What the task requires: Here are the records. Write out exactly the lines between the one holding "unfolding carr_Lsp by blast" and the one holding "< \<delta> \<and>", inclusive.

___ Records for the task ___

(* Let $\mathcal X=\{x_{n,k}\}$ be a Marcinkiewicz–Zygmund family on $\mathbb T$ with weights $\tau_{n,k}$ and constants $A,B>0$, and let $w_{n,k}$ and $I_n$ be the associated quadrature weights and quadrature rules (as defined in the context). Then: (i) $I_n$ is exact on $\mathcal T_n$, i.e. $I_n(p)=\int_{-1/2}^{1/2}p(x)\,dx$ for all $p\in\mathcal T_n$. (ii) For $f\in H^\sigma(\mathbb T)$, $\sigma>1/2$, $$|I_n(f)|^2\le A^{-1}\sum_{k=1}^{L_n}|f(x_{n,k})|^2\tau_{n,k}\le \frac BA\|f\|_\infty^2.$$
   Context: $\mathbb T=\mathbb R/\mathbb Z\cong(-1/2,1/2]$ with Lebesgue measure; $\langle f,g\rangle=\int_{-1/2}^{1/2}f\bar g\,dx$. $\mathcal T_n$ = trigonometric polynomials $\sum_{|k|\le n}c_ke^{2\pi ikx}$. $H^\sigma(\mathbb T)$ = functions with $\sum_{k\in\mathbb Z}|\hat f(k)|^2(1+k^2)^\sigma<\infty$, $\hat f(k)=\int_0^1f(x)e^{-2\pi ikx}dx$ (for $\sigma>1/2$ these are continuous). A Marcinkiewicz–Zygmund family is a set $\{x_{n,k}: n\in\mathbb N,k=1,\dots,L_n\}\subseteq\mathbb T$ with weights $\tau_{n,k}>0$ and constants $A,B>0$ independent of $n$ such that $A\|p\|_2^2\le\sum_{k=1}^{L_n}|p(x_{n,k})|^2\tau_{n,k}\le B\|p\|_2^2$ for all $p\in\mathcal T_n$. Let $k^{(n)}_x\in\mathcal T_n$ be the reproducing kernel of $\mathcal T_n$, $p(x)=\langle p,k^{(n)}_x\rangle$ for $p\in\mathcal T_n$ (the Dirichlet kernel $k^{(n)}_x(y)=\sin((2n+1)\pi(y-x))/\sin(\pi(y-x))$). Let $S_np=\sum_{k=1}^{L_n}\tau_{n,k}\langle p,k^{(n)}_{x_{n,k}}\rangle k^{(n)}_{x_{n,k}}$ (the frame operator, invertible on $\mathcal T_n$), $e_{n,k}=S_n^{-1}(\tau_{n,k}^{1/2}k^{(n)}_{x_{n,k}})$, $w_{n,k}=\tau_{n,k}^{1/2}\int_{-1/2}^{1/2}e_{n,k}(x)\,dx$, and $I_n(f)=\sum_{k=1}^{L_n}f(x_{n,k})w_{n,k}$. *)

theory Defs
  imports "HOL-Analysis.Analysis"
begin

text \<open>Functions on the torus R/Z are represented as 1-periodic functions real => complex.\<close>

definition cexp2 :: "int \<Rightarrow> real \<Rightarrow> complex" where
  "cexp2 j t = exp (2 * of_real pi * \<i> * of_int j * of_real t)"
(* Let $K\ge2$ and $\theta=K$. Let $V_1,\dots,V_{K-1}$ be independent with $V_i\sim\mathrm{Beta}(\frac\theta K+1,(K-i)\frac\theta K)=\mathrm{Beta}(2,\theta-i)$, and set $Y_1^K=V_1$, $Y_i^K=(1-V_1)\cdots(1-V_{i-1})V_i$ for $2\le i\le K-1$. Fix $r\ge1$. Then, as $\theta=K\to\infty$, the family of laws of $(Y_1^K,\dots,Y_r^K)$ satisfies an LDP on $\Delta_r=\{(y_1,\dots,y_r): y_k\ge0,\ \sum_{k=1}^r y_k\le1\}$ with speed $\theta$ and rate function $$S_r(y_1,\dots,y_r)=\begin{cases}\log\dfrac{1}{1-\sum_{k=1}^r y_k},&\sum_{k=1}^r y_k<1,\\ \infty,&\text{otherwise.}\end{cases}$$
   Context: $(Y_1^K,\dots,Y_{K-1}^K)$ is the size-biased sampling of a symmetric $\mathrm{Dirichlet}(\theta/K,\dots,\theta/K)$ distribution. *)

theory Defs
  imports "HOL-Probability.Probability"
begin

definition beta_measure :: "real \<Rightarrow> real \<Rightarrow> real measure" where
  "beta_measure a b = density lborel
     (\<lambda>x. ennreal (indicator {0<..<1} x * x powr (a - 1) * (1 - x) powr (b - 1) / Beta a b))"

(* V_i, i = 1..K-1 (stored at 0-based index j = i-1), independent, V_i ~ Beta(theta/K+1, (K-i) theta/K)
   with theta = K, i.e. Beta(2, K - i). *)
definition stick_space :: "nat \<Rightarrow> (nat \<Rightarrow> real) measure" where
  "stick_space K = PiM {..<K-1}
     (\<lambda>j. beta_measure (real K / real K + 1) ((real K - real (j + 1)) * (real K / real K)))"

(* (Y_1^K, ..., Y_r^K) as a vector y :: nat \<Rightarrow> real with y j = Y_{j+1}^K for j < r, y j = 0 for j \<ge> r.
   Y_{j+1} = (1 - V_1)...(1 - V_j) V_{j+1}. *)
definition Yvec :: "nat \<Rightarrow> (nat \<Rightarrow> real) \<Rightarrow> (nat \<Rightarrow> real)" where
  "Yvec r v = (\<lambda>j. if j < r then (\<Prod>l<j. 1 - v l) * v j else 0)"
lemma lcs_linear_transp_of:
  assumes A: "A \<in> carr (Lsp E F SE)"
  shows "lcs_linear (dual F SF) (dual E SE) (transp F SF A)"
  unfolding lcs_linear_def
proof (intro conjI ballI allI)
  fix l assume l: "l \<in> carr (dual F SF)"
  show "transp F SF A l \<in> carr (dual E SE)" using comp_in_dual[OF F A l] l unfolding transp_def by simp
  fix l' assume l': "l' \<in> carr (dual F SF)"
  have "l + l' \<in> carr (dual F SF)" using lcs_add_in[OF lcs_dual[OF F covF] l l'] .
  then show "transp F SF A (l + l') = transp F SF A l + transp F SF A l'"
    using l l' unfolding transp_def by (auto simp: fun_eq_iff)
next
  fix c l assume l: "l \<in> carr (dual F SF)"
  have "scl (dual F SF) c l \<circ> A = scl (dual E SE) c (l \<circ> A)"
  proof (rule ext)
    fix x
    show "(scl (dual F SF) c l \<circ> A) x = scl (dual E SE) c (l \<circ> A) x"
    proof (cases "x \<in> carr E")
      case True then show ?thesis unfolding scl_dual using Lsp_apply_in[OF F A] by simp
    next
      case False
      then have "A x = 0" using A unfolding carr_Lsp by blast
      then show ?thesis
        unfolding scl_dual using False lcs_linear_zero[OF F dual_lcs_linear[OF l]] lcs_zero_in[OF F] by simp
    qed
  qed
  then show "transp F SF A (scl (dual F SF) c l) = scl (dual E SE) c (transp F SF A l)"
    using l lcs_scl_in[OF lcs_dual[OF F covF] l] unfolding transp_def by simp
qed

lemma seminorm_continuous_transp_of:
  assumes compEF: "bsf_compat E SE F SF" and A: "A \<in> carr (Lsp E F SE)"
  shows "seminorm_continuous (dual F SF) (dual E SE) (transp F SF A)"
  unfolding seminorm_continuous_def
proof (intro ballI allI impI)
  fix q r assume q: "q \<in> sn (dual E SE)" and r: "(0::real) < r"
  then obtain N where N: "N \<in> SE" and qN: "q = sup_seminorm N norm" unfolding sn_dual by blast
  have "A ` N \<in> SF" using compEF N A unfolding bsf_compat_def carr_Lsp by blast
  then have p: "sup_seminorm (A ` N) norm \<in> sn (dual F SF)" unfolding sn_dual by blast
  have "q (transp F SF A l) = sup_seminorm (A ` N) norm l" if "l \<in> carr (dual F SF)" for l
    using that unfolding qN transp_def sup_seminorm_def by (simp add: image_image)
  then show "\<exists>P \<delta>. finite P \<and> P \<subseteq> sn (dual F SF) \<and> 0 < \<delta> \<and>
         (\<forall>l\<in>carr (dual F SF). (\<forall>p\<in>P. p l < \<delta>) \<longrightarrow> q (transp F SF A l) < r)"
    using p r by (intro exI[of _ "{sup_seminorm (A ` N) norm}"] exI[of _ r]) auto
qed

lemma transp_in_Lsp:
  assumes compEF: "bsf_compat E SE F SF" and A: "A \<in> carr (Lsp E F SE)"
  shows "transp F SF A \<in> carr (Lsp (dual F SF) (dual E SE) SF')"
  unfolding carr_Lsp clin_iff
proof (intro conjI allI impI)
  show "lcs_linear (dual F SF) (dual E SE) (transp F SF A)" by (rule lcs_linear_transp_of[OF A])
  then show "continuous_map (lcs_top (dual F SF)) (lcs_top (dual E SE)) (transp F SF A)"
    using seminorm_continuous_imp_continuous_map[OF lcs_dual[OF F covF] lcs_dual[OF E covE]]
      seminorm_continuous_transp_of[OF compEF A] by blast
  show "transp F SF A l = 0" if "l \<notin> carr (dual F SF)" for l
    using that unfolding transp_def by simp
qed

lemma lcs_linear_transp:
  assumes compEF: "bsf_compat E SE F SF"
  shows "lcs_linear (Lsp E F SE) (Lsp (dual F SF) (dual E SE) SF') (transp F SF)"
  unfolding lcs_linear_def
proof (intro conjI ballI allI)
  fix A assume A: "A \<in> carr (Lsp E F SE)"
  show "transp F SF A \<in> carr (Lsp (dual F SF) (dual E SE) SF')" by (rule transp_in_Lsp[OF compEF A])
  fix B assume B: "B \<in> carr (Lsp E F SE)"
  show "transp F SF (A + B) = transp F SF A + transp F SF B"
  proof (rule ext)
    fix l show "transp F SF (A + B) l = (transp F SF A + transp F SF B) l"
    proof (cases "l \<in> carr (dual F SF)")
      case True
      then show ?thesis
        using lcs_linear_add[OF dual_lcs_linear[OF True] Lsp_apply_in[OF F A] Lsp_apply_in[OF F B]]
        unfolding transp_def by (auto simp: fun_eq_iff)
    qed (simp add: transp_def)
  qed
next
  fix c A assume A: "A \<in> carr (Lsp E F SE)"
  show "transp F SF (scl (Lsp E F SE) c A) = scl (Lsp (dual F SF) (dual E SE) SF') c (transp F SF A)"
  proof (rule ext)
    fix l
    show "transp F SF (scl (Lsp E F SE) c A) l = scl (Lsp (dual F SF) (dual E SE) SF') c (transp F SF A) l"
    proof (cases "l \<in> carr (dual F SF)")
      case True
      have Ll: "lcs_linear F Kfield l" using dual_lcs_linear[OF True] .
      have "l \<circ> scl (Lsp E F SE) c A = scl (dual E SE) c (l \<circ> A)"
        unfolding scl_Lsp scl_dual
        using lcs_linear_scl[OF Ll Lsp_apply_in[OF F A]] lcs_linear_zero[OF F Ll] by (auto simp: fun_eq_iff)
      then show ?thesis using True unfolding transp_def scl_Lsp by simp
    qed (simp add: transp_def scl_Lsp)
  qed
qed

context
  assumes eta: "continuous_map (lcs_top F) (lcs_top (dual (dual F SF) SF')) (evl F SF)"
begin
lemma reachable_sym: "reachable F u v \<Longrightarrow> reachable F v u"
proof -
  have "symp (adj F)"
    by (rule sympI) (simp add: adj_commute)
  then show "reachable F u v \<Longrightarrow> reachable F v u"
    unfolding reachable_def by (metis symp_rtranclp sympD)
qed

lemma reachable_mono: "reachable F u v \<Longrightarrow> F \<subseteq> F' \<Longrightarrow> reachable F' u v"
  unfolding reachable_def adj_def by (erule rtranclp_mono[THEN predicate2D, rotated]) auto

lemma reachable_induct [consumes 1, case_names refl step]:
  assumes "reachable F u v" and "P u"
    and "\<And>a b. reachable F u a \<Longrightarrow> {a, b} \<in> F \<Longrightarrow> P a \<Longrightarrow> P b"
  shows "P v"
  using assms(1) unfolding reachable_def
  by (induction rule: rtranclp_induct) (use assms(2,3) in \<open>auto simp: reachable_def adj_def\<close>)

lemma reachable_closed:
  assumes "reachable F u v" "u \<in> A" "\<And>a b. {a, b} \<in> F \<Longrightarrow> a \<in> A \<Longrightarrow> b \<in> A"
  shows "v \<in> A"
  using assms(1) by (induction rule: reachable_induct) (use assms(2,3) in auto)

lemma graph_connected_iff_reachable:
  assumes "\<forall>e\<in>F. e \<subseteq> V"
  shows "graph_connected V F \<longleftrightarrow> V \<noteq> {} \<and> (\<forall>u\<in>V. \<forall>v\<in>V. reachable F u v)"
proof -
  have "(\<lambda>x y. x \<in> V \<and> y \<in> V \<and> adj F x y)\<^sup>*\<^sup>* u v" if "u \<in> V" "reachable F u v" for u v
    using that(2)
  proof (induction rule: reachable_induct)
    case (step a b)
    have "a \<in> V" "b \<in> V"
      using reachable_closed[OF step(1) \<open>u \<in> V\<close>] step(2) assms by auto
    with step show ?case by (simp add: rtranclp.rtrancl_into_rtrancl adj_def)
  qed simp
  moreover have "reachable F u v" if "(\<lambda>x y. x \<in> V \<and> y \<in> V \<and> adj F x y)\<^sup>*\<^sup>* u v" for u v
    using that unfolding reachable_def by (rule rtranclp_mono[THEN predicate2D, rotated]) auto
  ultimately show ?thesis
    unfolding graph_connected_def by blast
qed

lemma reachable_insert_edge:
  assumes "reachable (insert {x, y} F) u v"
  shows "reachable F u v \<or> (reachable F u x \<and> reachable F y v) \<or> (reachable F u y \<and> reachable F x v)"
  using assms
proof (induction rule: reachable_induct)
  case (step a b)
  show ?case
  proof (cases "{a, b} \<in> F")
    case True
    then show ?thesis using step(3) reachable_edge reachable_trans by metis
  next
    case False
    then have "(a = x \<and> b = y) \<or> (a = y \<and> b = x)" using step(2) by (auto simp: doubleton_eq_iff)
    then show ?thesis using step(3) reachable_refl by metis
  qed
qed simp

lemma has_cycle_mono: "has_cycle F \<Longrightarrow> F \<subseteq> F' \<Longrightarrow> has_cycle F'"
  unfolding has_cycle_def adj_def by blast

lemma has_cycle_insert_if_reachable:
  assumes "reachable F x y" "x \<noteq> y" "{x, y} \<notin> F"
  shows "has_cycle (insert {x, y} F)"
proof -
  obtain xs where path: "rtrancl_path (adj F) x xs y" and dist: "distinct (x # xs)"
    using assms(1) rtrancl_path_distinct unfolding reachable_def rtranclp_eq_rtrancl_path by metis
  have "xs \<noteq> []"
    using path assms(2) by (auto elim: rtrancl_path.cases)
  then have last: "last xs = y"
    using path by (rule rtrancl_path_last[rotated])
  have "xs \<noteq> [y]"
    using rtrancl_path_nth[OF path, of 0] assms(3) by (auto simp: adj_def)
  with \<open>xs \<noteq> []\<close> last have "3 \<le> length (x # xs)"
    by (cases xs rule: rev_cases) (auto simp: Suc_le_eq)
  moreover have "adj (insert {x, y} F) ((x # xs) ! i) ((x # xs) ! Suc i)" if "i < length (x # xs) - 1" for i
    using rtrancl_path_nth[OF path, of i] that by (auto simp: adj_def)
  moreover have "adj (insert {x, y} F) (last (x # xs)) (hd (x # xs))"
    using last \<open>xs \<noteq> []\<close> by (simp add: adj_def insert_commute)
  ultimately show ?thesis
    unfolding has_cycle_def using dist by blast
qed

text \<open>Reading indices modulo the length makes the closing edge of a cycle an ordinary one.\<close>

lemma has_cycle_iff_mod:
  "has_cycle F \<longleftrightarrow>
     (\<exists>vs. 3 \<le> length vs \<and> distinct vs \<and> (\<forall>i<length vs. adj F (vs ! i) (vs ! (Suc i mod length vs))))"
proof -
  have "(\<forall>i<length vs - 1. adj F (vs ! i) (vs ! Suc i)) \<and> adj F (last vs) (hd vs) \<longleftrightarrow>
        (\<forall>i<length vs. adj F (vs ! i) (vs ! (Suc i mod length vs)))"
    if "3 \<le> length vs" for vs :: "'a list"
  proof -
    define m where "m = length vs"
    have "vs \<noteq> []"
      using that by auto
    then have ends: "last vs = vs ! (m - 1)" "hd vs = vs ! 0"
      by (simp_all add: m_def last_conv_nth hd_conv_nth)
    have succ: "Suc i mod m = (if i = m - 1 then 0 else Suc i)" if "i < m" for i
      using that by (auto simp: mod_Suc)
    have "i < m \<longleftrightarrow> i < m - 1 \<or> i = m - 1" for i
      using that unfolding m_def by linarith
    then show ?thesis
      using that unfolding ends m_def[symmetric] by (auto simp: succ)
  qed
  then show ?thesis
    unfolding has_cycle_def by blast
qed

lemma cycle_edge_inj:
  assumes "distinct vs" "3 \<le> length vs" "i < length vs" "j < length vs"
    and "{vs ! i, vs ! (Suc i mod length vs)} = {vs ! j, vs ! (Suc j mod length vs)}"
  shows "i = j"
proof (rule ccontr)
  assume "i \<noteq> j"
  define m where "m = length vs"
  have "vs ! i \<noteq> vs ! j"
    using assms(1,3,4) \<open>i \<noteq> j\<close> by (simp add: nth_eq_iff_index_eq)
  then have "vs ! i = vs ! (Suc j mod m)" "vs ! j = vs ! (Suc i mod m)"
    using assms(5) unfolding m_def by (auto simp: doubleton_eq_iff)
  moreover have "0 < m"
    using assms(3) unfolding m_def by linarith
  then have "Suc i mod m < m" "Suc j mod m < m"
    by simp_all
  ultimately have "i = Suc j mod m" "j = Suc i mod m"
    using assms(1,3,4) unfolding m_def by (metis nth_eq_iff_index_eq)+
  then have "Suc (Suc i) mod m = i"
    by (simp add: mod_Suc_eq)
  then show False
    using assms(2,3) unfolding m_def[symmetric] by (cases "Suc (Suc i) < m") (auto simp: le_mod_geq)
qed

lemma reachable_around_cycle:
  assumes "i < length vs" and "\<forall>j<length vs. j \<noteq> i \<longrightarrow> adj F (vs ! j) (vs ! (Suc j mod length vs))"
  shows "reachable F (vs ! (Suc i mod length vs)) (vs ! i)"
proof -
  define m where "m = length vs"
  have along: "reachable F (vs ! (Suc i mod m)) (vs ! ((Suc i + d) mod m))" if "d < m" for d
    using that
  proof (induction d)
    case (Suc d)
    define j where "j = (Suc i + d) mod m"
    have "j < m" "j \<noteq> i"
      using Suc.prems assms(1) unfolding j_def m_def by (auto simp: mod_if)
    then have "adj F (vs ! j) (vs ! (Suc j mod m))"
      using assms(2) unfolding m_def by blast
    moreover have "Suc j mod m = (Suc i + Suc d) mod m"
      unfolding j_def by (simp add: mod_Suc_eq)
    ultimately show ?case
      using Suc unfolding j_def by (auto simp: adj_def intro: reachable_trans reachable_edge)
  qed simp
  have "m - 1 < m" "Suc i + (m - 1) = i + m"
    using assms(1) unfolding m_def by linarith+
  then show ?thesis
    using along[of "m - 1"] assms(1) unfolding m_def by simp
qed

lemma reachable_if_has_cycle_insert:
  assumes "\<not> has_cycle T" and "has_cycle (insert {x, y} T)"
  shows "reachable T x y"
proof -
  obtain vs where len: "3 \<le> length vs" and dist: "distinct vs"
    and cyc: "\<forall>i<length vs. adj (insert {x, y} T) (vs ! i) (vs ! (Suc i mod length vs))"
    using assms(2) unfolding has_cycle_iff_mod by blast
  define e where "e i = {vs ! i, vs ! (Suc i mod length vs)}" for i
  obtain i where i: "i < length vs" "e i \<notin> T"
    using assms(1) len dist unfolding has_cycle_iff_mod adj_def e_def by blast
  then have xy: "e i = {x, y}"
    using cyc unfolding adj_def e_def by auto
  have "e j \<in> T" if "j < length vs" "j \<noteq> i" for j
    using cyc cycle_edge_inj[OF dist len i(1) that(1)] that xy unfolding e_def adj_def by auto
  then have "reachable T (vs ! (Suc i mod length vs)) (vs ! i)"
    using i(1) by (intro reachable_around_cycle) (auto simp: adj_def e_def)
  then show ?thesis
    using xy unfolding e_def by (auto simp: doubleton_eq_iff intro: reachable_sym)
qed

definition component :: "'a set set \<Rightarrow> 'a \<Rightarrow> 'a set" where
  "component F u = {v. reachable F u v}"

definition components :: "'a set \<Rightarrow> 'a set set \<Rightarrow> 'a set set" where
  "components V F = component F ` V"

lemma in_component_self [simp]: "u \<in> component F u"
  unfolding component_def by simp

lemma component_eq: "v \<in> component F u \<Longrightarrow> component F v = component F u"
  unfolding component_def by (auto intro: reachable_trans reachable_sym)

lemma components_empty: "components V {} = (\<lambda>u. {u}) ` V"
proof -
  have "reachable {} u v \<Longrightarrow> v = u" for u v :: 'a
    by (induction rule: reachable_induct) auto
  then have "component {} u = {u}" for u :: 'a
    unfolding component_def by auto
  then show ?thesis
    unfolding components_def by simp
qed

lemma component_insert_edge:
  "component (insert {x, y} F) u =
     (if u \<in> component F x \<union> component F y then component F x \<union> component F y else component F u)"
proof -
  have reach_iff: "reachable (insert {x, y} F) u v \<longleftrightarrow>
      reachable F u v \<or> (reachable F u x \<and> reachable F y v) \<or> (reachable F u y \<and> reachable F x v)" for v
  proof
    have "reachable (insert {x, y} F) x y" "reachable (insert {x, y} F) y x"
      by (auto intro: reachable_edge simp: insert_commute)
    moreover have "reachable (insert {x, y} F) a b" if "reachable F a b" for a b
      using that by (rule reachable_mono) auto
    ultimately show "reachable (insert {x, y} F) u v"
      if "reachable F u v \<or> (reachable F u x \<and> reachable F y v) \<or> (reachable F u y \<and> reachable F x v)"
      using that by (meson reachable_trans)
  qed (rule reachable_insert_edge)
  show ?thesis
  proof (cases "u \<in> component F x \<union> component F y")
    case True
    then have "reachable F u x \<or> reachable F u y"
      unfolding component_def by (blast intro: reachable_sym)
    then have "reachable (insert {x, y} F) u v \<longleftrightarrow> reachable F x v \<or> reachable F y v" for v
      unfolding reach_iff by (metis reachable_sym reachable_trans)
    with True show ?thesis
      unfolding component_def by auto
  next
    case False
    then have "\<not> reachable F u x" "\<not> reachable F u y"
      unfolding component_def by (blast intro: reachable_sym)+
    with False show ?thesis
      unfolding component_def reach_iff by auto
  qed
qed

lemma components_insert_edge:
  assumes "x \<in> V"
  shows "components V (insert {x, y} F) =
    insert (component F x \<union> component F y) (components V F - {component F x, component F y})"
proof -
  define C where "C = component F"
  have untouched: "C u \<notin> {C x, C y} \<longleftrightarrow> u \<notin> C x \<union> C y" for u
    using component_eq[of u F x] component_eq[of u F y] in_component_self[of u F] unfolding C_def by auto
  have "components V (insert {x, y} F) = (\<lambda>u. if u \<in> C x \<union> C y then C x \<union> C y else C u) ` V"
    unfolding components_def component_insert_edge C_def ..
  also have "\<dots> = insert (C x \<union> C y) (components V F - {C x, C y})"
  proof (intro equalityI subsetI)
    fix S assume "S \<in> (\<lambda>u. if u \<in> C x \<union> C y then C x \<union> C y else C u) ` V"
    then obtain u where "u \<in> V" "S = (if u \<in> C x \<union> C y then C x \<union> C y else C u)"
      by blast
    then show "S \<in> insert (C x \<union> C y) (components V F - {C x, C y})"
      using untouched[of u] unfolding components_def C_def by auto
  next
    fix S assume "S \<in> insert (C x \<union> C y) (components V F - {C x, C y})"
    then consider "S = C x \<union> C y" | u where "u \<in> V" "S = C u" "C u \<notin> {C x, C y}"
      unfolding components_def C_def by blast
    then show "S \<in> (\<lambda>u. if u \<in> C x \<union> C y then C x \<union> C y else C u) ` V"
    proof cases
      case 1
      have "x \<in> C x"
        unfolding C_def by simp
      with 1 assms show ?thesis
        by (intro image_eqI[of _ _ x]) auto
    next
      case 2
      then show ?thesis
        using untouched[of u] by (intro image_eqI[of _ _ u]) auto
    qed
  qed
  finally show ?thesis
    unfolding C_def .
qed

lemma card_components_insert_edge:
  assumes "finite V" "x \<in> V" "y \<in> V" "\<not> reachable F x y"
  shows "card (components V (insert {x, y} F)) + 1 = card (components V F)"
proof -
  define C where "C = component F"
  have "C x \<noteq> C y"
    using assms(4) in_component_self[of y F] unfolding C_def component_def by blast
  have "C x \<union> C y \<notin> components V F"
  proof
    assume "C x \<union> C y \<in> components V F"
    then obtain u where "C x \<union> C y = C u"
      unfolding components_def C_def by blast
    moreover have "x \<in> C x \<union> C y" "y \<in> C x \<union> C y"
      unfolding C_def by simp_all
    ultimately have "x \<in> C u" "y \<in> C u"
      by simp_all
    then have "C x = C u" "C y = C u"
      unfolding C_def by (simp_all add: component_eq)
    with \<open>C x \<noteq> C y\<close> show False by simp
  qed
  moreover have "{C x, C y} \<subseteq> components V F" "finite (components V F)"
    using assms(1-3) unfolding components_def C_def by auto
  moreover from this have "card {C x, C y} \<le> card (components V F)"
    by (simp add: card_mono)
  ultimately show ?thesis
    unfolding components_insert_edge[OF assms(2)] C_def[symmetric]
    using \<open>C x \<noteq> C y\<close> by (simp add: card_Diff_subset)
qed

___

Result below:
      then have "A x = 0" using A unfolding carr_Lsp by blast
      then show ?thesis
        unfolding scl_dual using False lcs_linear_zero[OF F dual_lcs_linear[OF l]] lcs_zero_in[OF F] by simp
    qed
  qed
  then show "transp F SF A (scl (dual F SF) c l) = scl (dual E SE) c (transp F SF A l)"
    using l lcs_scl_in[OF lcs_dual[OF F covF] l] unfolding transp_def by simp
qed

lemma seminorm_continuous_transp_of:
  assumes compEF: "bsf_compat E SE F SF" and A: "A \<in> carr (Lsp E F SE)"
  shows "seminorm_continuous (dual F SF) (dual E SE) (transp F SF A)"
  unfolding seminorm_continuous_def
proof (intro ballI allI impI)
  fix q r assume q: "q \<in> sn (dual E SE)" and r: "(0::real) < r"
  then obtain N where N: "N \<in> SE" and qN: "q = sup_seminorm N norm" unfolding sn_dual by blast
  have "A ` N \<in> SF" using compEF N A unfolding bsf_compat_def carr_Lsp by blast
  then have p: "sup_seminorm (A ` N) norm \<in> sn (dual F SF)" unfolding sn_dual by blast
  have "q (transp F SF A l) = sup_seminorm (A ` N) norm l" if "l \<in> carr (dual F SF)" for l
    using that unfolding qN transp_def sup_seminorm_def by (simp add: image_image)
  then show "\<exists>P \<delta>. finite P \<and> P \<subseteq> sn (dual F SF) \<and> 0 < \<delta> \<and>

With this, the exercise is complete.